So both are greedy, in that they try to capture as much as possible, only taking less when they have to.
My question is: who's greedier? Does \1 get first priority, giving \2 its share only if it has to?
What about:
(.*)(.*)(.*)
Let's assume that \1 does get first priority. Let's say it got too greedy, and then spit out a character. Who gets it first? Is it always \2 or can it be \3?
Let's assume it's \2 that gets \1's rejection. If this still doesn't work, who spits out now? Does \2 spit to \3, or does \1 spit out another to \2 first?
Bonus question
What happens if you write something like this:
(.*)(.*?)(.*)
Now \2 is reluctant. Does that mean \1 spits out to \3, and \2 only reluctantly accepts \3's rejection?
Example
Maybe it was a mistake for me not to give concrete examples to show how I'm using these patterns, but here's some:
System.out.println(
"OhMyGod=MyMyMyOhGodOhGodOhGod"
.replaceAll("^(.*)(.*)(.*)=(\\1|\\2|\\3)+$", "<$1><$2><$3>")
); // prints "<Oh><My><God>"
// same pattern, different input string
System.out.println(
"OhMyGod=OhMyGodOhOhOh"
.replaceAll("^(.*)(.*)(.*)=(\\1|\\2|\\3)+$", "<$1><$2><$3>")
); // prints "<Oh><MyGod><>"
// now \2 is reluctant
System.out.println(
"OhMyGod=OhMyGodOhOhOh"
.replaceAll("^(.*)(.*?)(.*)=(\\1|\\2|\\3)+$", "<$1><$2><$3>")
); // prints "<Oh><><MyGod>"

\1 will have priority, \2 and \3 will always match nothing. \2 will then have priority over \3.
As a general rule think of it like this, back-tracking will only occur to satisfy a match, it will not occur to satisfy greediness, so left is best :)
explaining back tracking and greediness is to much for me to tackle here, i'd suggest friedl's Mastering Regular Expressions

The addition of your concrete examples changes the nature of the question drastically.

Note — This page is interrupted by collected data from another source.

lemma rank_one_eq_sum_right_factors_proportional:
  fixes a u s :: "'p \<Rightarrow> 'a::field" and b t w :: "'q \<Rightarrow> 'a"
  assumes eq: "\<And>p q. a p * b q = u p * t q + s p * w q"
    and indep: "u p * s p' \<noteq> u p' * s p"
  shows "\<exists>\<alpha> \<beta>. t = (\<lambda>q. \<alpha> * b q) \<and> w = (\<lambda>q. \<beta> * b q)"
proof -
  define D where "D = u p * s p' - u p' * s p"
  have "D \<noteq> 0" using indep by (simp add: D_def)
  have "(a p * s p' - a p' * s p) * b q = D * t q" for q
  proof -
    have "(a p * s p' - a p' * s p) * b q = s p' * (a p * b q) - s p * (a p' * b q)"
      by (simp add: algebra_simps)
    then show ?thesis by (simp add: eq D_def algebra_simps)
  qed
  moreover have "(a p' * u p - a p * u p') * b q = D * w q" for q
  proof -
    have "(a p' * u p - a p * u p') * b q = u p * (a p' * b q) - u p' * (a p * b q)"
      by (simp add: algebra_simps)
    then show ?thesis by (simp add: eq D_def algebra_simps)
  qed
  ultimately have "t = (\<lambda>q. (a p * s p' - a p' * s p) / D * b q)"
    and "w = (\<lambda>q. (a p' * u p - a p * u p') / D * b q)"
    using \<open>D \<noteq> 0\<close> by (auto simp: fun_eq_iff field_simps)
  then show ?thesis by blast
qed

lemma rank_one_eq_sum_cases:
  fixes a u s :: "'p \<Rightarrow> 'a::field" and b t w :: "'q \<Rightarrow> 'a"
  assumes eq: "\<And>p q. a p * b q = u p * t q + s p * w q"
    and "a \<noteq> 0" "b \<noteq> 0" "s \<noteq> 0" "t \<noteq> 0"
  shows "(\<exists>k. a = (\<lambda>p. k * s p)) \<and> (\<exists>c d. b = (\<lambda>q. c * t q + d * w q))
    \<or> (\<exists>k. b = (\<lambda>q. k * t q)) \<and> (\<exists>c d. a = (\<lambda>p. c * u p + d * s p))"
proof (cases "\<forall>p p'. u p * s p' = u p' * s p")
  case True
  then obtain c where u: "u = (\<lambda>p. c * s p)"
    using rank_one_left_factor_proportional[where a = u and b = s and s = s and v = u] \<open>s \<noteq> 0\<close>
    by (auto simp: mult.commute)
  have eq': "a p * b q = s p * (c * t q + w q)" for p q
    using eq[of p q] by (simp add: u algebra_simps)
  have "\<exists>k. a = (\<lambda>p. k * s p)"
    using rank_one_left_factor_proportional[OF eq' \<open>b \<noteq> 0\<close>] .
  moreover obtain k where "b = (\<lambda>q. k * (c * t q + w q))"
    using rank_one_left_factor_proportional[where a = b and b = a and v = s
        and s = "\<lambda>q. c * t q + w q"] eq' \<open>a \<noteq> 0\<close>
    by (auto simp: mult.commute)
  then have "b = (\<lambda>q. (k * c) * t q + k * w q)" by (simp add: algebra_simps)
  ultimately show ?thesis by blast
next
  case False
  then obtain p p' where "u p * s p' \<noteq> u p' * s p" by blast
  then obtain \<alpha> \<beta> where t: "t = (\<lambda>q. \<alpha> * b q)" and w: "w = (\<lambda>q. \<beta> * b q)"
    using rank_one_eq_sum_right_factors_proportional[of a b u t s w p p'] eq by blast
  have "\<alpha> \<noteq> 0" using \<open>t \<noteq> 0\<close> by (auto simp: t fun_eq_iff)
  then have "b = (\<lambda>q. 1 / \<alpha> * t q)" by (simp add: t fun_eq_iff)
  moreover have "a p * b q = (\<alpha> * u p + \<beta> * s p) * b q" for p q
    using eq[of p q] by (simp add: t w algebra_simps)
  then obtain k where "a = (\<lambda>p. k * (\<alpha> * u p + \<beta> * s p))"
    using rank_one_left_factor_proportional[of a b "\<lambda>p. \<alpha> * u p + \<beta> * s p" b] \<open>b \<noteq> 0\<close>
    by blast
  then have "a = (\<lambda>p. (k * \<alpha>) * u p + (k * \<beta>) * s p)" by (simp add: algebra_simps)
  ultimately show ?thesis by blast
qed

It still starts out as I described in my first answer, with the first (.*) gobbling up all the characters, and the second and third groups letting it have them, but then it has to match an equals sign.
Obviously there isn't one at the end of the string, so group #1 gives back characters one by one until the = in the regex can match the = in the target. Then the regex engine starts trying to match (\1|\2|\3)+$ and the real fun starts.
Group 1 gives up the d and group 2 (which is still empty) takes it, but the rest of the regex still can't match. Group 1 gives up the o and group 2 matches od, but the rest of the regex still can't match. And so it goes, with the third group getting involved, and the three of them slicing up the input in every way possible until an overall match is achieved. RegexBuddy reports that it takes 13,426 steps to get there.
In the first example, greediness (or lack of it) isn't really a factor; the only way a match can be achieved is if the words Oh, My and God are captured in separate groups, so eventually that's what happens. It doesn't even matter which group captures which word--that's just first come, first served, as I said before.
In the second and third examples it's only necessary to break the prefix into two chunks: Oh and MyGod. Group 2 captures MyGod in the second example because it's next in line and it's greedy, just like in the first example. In the third example, every time group 1 drops a character, group 2 (being reluctant) lets group 3 take it instead, so that's the one that ends up in possession of MyGod.
It's more complicated (and tedious) than that, of course, but I hope this answers your question. And I have to say, that's an interesting target string you chose; if it were possible for a regex engine to have an orgasm, I think these regexes would be the ones to bring it off. :D

Quantifiers aren't really greedy by default, they're just hasty. In your example, the first (.*) will start out by gobbling up everything it can without regard to the needs of the regex as a whole. Only then does it hand control to the next part, and if necessary it will give back some or all of what it just took (i.e., backtrack) so the rest of the regex can do its work.
That isn't necessary in this case because everything else can legally match zero characters. If the quantifiers were really greedy, the three groups would haggle until they had divided the input as evenly as possible; instead, the second and third groups let the first one keep what it took. They'll take it if it's put in front of them, but they won't fight for it. (That would be true even if they had possessive quantifiers, i.e, (.*)(.*+)(.*+).)
Making the second dot-star reluctant doesn't change anything, but switching the first one does. A reluctant quantifier starts out by matching only as much as it has to, then hands off to the next part. So the first group in (.*?)(.*)(.*) starts out by matching nothing, then the second group gobbles everything, and the third group cries "weee weee weee" all the way home.
Here's a bonus question for you: What happens if you make all three of the quantifiers reluctant? (Hint: In Java this is as much an API question as it is a regex question.)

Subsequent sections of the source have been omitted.